Sgourdos might be right in his analysis that Prosus would make a better partner to Just Eat. It is a huge group with more than US$9-billion worth in cash and short-term assets and earning several billion in revenue per year. Its big long-term asset, its holding in the Chinese Tencent Internet giant, can readily be milked for a few billion in cash by a quick call to the local stockbroker.
As Sgourdos said in the conference call early on Tuesday: “Prosus keeps on moving forward. We are the world’s leading food delivery business.”
‘Proved our value’
He says that Prosus, through its MIH Food Delivery subsidiary, has demonstrated its ability in the industry. “We have proved our value and strength in partnering with businesses and shown our commitment to make investments as required,” he says.
It is also true, as he said, that Prosus has the right technology and innovative spirit to add value to businesses in the Prosus portfolio.
It suffered a loss of €30.9-million in the 2016 financial year, €42-million in the 2017 year and €14-million in the year to December 2018. Just Eat posted a profit of £79.9-million in 2018, indicating that Takeaway.com needs the deal more than Just Eat.
It remains to be seen if the cash offer of £5.94/share to Just Eat shareholders will be successful, even if it represents a premium of 20% over yesterday’s closing price. The offer values Just Eat at £4.9-billion.
The first problem is that Prosus seemed to be a bit late to the party.
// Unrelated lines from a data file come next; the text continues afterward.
theorem proposition4p11:
  fixes p h q m n :: nat and a b c x y :: "'k::field"
  assumes "prime p" and "p > 5" and "h \<ge> 1" and "q = p ^ h"
    and "of_nat p = (0::'k)"
    and "card (Fq_set q :: 'k set) = q"
    and "a \<in> Fq_set q" and "b \<in> Fq_set q" and "c \<in> Fq_set q"
    and "a \<noteq> 0" and "b \<noteq> 0" and "c \<noteq> 0" and "c \<noteq> - (a / b)"
    and "m > 0" and "n > 0" and "\<not> p dvd (m * n)" and "n \<ge> m" and "min m n > 2"
    and "p dvd (n + 1)" and "p dvd (m - 1)"
    and "a * x ^ n * y ^ m + b * x ^ n + c * y ^ m = 1"
    and "transcendental_over (Fq_set q) x"
    and "generated_by (Fq_set q) x y"
  shows "\<forall>tau D. is_hasse_deriv (Fq_set q) tau D \<longrightarrow> frobenius_classical_conics q D x y"
proof (intro allI impI)
  fix tau :: 'k and D :: "nat \<Rightarrow> 'k \<Rightarrow> 'k"
  assume "is_hasse_deriv (Fq_set q) tau D"
  then interpret hasse_derivation "Fq_set q" tau D
    by unfold_locales
  note curve = \<open>a * x ^ n * y ^ m + b * x ^ n + c * y ^ m = 1\<close>
  note trans = \<open>transcendental_over (Fq_set q) x\<close>
  have F: "subring_set (Fq_set q :: 'k set)"
    using CHAR_eq_prime[OF \<open>prime p\<close> \<open>of_nat p = 0\<close>] \<open>prime p\<close> \<open>q = p ^ h\<close>
    by (intro subring_set_Fq_set) simp_all
  have "x \<noteq> 0"
    using F trans by (rule transcendental_over_ne_0)
  have "y \<noteq> 0"
    using F trans \<open>b \<in> Fq_set q\<close> \<open>b \<noteq> 0\<close> \<open>n > 0\<close> \<open>m > 0\<close> curve by (rule curve_y_ne_0)
  have "a + b * c \<noteq> 0"
    using \<open>b \<noteq> 0\<close> \<open>c \<noteq> - (a / b)\<close> by (auto simp: field_simps eq_neg_iff_add_eq_0)
  have "2 \<le> q"
    using self_le_power[of p h] \<open>p > 5\<close> \<open>h \<ge> 1\<close> \<open>q = p ^ h\<close> by simp
  have constants: "constant_below p (x ^ (n + 1))" "constant_below p (y ^ (m - 1))"
    using constant_below_char_power_multiple[OF \<open>prime p\<close> \<open>of_nat p = 0\<close>]
      \<open>p dvd (n + 1)\<close> \<open>p dvd (m - 1)\<close> by blast+
  define u v w
    where "u = c * y ^ (m - 1)" and "v = b * x ^ (n + 1)" and "w = a * x ^ (n + 1) * y ^ (m - 1)"
  show "frobenius_classical_conics q D x y"
  proof (rule frobenius_classical_conics_moebius)
    show "x * (1 - u * y) = v + w * y"
      unfolding u_def v_def w_def using \<open>m > 0\<close> curve by (rule curve_moebius)
    show "1 - u * y \<noteq> 0"
      unfolding u_def using \<open>x \<noteq> 0\<close> \<open>a + b * c \<noteq> 0\<close> \<open>m > 0\<close> curve
      by (rule curve_moebius_denominator_ne_0)
    show "x ^ q * (1 - u * y ^ q) \<noteq> v + w * y ^ q"
      unfolding u_def v_def w_def
      using F trans \<open>a \<in> Fq_set q\<close> \<open>b \<in> Fq_set q\<close> \<open>c \<in> Fq_set q\<close> \<open>b \<noteq> 0\<close>
        \<open>a + b * c \<noteq> 0\<close> \<open>m > 0\<close> \<open>n \<ge> m\<close> \<open>2 \<le> q\<close> curve
      by (rule curve_frobenius_point_off_moebius)
    have "w + u * v = (a + b * c) * x ^ (n + 1) * y ^ (m - 1)"
      by (simp add: u_def v_def w_def algebra_simps)
    then show "u \<noteq> 0" and "w + u * v \<noteq> 0"
      using \<open>x \<noteq> 0\<close> \<open>y \<noteq> 0\<close> \<open>a + b * c \<noteq> 0\<close> \<open>c \<noteq> 0\<close> by (simp_all add: u_def)
    show "constant_below 5 u" "constant_below 5 v" "constant_below 5 w"
      using constants \<open>p > 5\<close> \<open>a \<in> Fq_set q\<close> \<open>b \<in> Fq_set q\<close> \<open>c \<in> Fq_set q\<close>
        constant_below_mono[of p _ 5]
      by (simp_all add: u_def v_def w_def constant_below_mult constant_below_mem)
  qed (rule \<open>generated_by (Fq_set q) x y\<close>)
qed

end
(* Let $\gamma\in\mathbb C$ and $H_1(\gamma)=I-\gamma D$. Then $$(n!)^{1/n}|\gamma|\le K_h\bigl(H_1(\gamma)^{-1}\bigr)\le n|\gamma|.$$
   Context: Let $n\ge1$ and $\mathcal P_n$ the complex vector space of polynomials in one complex variable of degree at most $n$; $D$ is differentiation and $I$ the identity on $\mathcal P_n$ ($I-\gamma D$ is invertible). For nonzero $f$, $Z(f)$ is the multiset of roots of $f$ (with multiplicity; empty for nonzero constants); $Z(0)=\mathbb C$. For finite nonempty $A,B\subset\mathbb C$, $d_h(A,B)=\max_{y\in B}\min_{x\in A}|x-y|$, with conventions $d_h(\emptyset,\emptyset)=0$, $d_h(A,\emptyset)=d_h(\emptyset,A)=+\infty$ for $A\ne\emptyset$, and $d_h(A,B)=0$ if one of $A,B$ equals $\mathbb C$ and the other is nonempty. $K_h(T)=\sup_{f\in\mathcal P_n}d_h(Z(f),Z(Tf))$. *)

theory Defs
  imports "HOL-Computational_Algebra.Polynomial" "HOL-Library.Extended_Real"
begin

definition Pn :: "nat \<Rightarrow> complex poly set" where
  "Pn n = {p. degree p \<le> n}"

definition H1 :: "complex \<Rightarrow> complex poly \<Rightarrow> complex poly" where
  "H1 \<gamma> f = f - smult \<gamma> (pderiv f)"

definition H1inv :: "nat \<Rightarrow> complex \<Rightarrow> complex poly \<Rightarrow> complex poly" where
  "H1inv n \<gamma> = the_inv_into (Pn n) (H1 \<gamma>)"
(* Let $(YQ(1)_1)$ be the two-sided ideal of $YQ(1)$ generated by all odd elements and let $\mathbf A$ be the subalgebra of $YQ(1)$ generated by the $T^{(2k)}_{1,1}$, $k>0$. Then the natural map $\mathbf A\to YQ(1)/(YQ(1)_1)$ is an isomorphism, $\mathbf A$ is the polynomial algebra $\mathbb C[T^{(2k)}_{1,1}]_{k>0}$, and the quotient Hopf algebra structure is given by $\Delta T_{1,1}(u^{-2})=T_{1,1}(u^{-2})\otimes T_{1,1}(u^{-2})$, where $T_{1,1}(u^{-2})=\sum_{k\ge0}T^{(2k)}_{1,1}u^{-2k}$ with $T^{(0)}_{1,1}=1$.
   Context: $YQ(1)$ is the associative unital superalgebra over $\mathbb C$ generated by $T_{i,j}^{(m)}$, $m\geq1$, $i,j\in\{1,-1\}$, of parity $p(i)+p(j)$ where $p(1)=0$, $p(-1)=1$. With $T_{i,j}(u)=\delta_{ij}+\sum_{m\ge1}T^{(m)}_{i,j}u^{-m}$, the defining relations are, for all $i,j,k,l$: $(u^2-v^2)[T_{i,j}(u),T_{k,l}(v)](-1)^{p(i)p(k)+p(i)p(l)+p(k)p(l)}=(u+v)(T_{k,j}(u)T_{i,l}(v)-T_{k,j}(v)T_{i,l}(u))-(u-v)(T_{-k,j}(u)T_{-i,l}(v)-T_{k,-j}(v)T_{i,-l}(u))(-1)^{p(k)+p(l)}$ (supercommutators), and $T_{i,j}(-u)=T_{-i,-j}(u)$. It is a Hopf superalgebra with $\Delta(T^{(r)}_{i,j})=\sum_{s=0}^r\sum_k(-1)^{(p(i)+p(k))(p(j)+p(k))}T^{(s)}_{i,k}\otimes T^{(r-s)}_{k,j}$, $T^{(0)}_{i,j}=\delta_{ij}$. For a Hopf superalgebra, the ideal generated by the odd elements is a Hopf ideal, so the quotient is a Hopf algebra. *)

theory Defs
  imports Complex_Main "HOL-Library.Poly_Mapping"
begin

datatype idx = Pos | Neg   (* Pos = 1, Neg = -1 *)

fun negi :: "idx \<Rightarrow> idx" where
  "negi Pos = Neg" | "negi Neg = Pos"

fun par :: "idx \<Rightarrow> nat" where
  "par Pos = 0" | "par Neg = 1"

text \<open>A letter (k,i,j) stands for the generator T^(k+1)_ij.\<close>
type_synonym letter = "nat \<times> idx \<times> idx"

datatype word = Word "letter list"

fun word_list :: "word \<Rightarrow> letter list" where "word_list (Word xs) = xs"

instantiation word :: monoid_add
begin
definition zero_word :: word where "zero_word = Word []"
definition plus_word :: "word \<Rightarrow> word \<Rightarrow> word" where
  "plus_word v w = Word (word_list v @ word_list w)"
instance
proof
  fix a b c :: word
  show "a + b + c = a + (b + c)" by (cases a; cases b; cases c) (simp add: plus_word_def)
  show "0 + a = a" by (cases a) (simp add: plus_word_def zero_word_def)
  show "a + 0 = a" by (cases a) (simp add: plus_word_def zero_word_def)
qed
end

text \<open>The free algebra C<T^(m)_ij> : finitely supported functions on words.\<close>
type_synonym FA = "word \<Rightarrow>\<^sub>0 complex"

definition scal :: "complex \<Rightarrow> FA" where
  "scal c = Poly_Mapping.single 0 c"

definition T :: "nat \<Rightarrow> idx \<Rightarrow> idx \<Rightarrow> FA" where
  "T m i j = (if m = 0 then (if i = j then 1 else 0)
              else Poly_Mapping.single (Word [(m - 1, i, j)]) 1)"

text \<open>Integer-indexed version, T^(a) = 0 for a < 0 (coefficients of positive powers of u).\<close>
definition Tz :: "int \<Rightarrow> idx \<Rightarrow> idx \<Rightarrow> FA" where
  "Tz a i j = (if a < 0 then 0 else T (nat a) i j)"

definition scomm :: "FA \<Rightarrow> nat \<Rightarrow> FA \<Rightarrow> nat \<Rightarrow> FA" where
  "scomm x px y py = x * y - (-1) ^ (px * py) * y * x"

text \<open>Coefficient of u^(-r) v^(-s) (r, s integers) in the defining relation
 (u^2-v^2)[T_ij(u),T_kl(v)] (-1)^(p(i)p(k)+p(i)p(l)+p(k)p(l))
   = (u+v)(T_kj(u)T_il(v) - T_kj(v)T_il(u))
     - (u-v)(T_{-k,j}(u)T_{-i,l}(v) - T_{k,-j}(v)T_{i,-l}(u)) (-1)^(p(k)+p(l)),
 written as LHS - RHS.\<close>
definition rel1 :: "idx \<Rightarrow> idx \<Rightarrow> idx \<Rightarrow> idx \<Rightarrow> int \<Rightarrow> int \<Rightarrow> FA" where
  "rel1 i j k l r s =
     (-1) ^ (par i * par k + par i * par l + par k * par l) *
       (scomm (Tz (r + 2) i j) (par i + par j) (Tz s k l) (par k + par l)
        - scomm (Tz r i j) (par i + par j) (Tz (s + 2) k l) (par k + par l))
     - ( (Tz (r + 1) k j * Tz s i l + Tz r k j * Tz (s + 1) i l)
        - (Tz s k j * Tz (r + 1) i l + Tz (s + 1) k j * Tz r i l) )
     + (-1) ^ (par k + par l) *
       ( (Tz (r + 1) (negi k) j * Tz s (negi i) l - Tz r (negi k) j * Tz (s + 1) (negi i) l)
        - (Tz s k (negi j) * Tz (r + 1) i (negi l) - Tz (s + 1) k (negi j) * Tz r i (negi l)) )"

text \<open>Coefficient of u^(-m) in T_ij(-u) = T_{-i,-j}(u).\<close>
definition rel2 :: "nat \<Rightarrow> idx \<Rightarrow> idx \<Rightarrow> FA" where
  "rel2 m i j = (-1) ^ m * T m i j - T m (negi i) (negi j)"

definition YQ_rels :: "FA set" where
  "YQ_rels = {rel1 i j k l r s | i j k l r s. True} \<union> {rel2 m i j | m i j. True}"

inductive_set ideal_gen :: "FA set \<Rightarrow> FA set" for S where
  gen: "x \<in> S \<Longrightarrow> x \<in> ideal_gen S"
| zero: "0 \<in> ideal_gen S"
| add: "x \<in> ideal_gen S \<Longrightarrow> y \<in> ideal_gen S \<Longrightarrow> x + y \<in> ideal_gen S"
| mult: "x \<in> ideal_gen S \<Longrightarrow> a * x * b \<in> ideal_gen S"

inductive_set subalg_gen :: "FA set \<Rightarrow> FA set" for G where
  gen: "x \<in> G \<Longrightarrow> x \<in> subalg_gen G"
| scal: "scal c \<in> subalg_gen G"
| add: "x \<in> subalg_gen G \<Longrightarrow> y \<in> subalg_gen G \<Longrightarrow> x + y \<in> subalg_gen G"
| mult: "x \<in> subalg_gen G \<Longrightarrow> y \<in> subalg_gen G \<Longrightarrow> x * y \<in> subalg_gen G"

text \<open>YQ(1) = FA / J_R. Elements of FA represent elements of YQ(1); x, y
  represent the same element iff x - y \<in> J_R.\<close>
definition J_R :: "FA set" where "J_R = ideal_gen YQ_rels"

text \<open>The relations are homogeneous, so the grading descends to YQ(1), and the odd
  elements of YQ(1) are exactly the images of odd homogeneous elements of FA.\<close>
definition word_par :: "word \<Rightarrow> nat" where
  "word_par w = (\<Sum>(k, i, j) \<leftarrow> word_list w. par i + par j)"

definition odd_FA :: "FA \<Rightarrow> bool" where
  "odd_FA x \<longleftrightarrow> (\<forall>w \<in> Poly_Mapping.keys x. odd (word_par w))"

text \<open>Preimage in FA of the two-sided ideal (YQ(1)_1) of YQ(1) generated by the odd elements.\<close>
definition J_odd :: "FA set" where "J_odd = ideal_gen (YQ_rels \<union> {x. odd_FA x})"

text \<open>Preimage in FA of the subalgebra A generated by the T^(2k)_11, k > 0.\<close>
definition A_FA :: "FA set" where
  "A_FA = subalg_gen {T (2 * k) Pos Pos | k. k > 0}"

text \<open>C[x_0,x_1,...] as finitely supported functions on monomials (finitely supported nat to nat);
  x_k is sent to T^(2(k+1))_11.\<close>
type_synonym cpoly = "(nat \<Rightarrow>\<^sub>0 nat) \<Rightarrow>\<^sub>0 complex"

definition eval_mono :: "(nat \<Rightarrow>\<^sub>0 nat) \<Rightarrow> FA" where
  "eval_mono m = foldr (\<lambda>k acc. T (2 * (k + 1)) Pos Pos ^ Poly_Mapping.lookup m k * acc)
                        (sorted_list_of_set (Poly_Mapping.keys m)) 1"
Takeaway.com and Just Eat announced their proposed transaction at the beginning of August and have already published a schedule of events to finalise it.
Both Takeaway.com and Just Eat have scheduled shareholder meetings to seek ratification of the transaction on 4 December, with final implementation early 2020.
The second and more telling problem is that Prosus seemed to have missed that the Takeaway.com and Just Eat transaction constitutes a reverse takeover of Takeaway.com by the smaller Just Eat.
While both parties describe the transaction as a merger, it is telling that Just Eat is the profitable party, and that Takeaway.com will change its name to Just Eat.
Thus far, the directors of Just Eat have elected to go it alone and grow their business together with Takeaway.com rather than settle for a smaller role as a division within Prosus.
At this stage, anything can happen. It seems unlikely that Prosus will succeed in buying Just Eat outright. The most likely scenario is that it will pick up a significant stake in the new Just Eat and look to grow its shareholding with some joint ventures at operational level.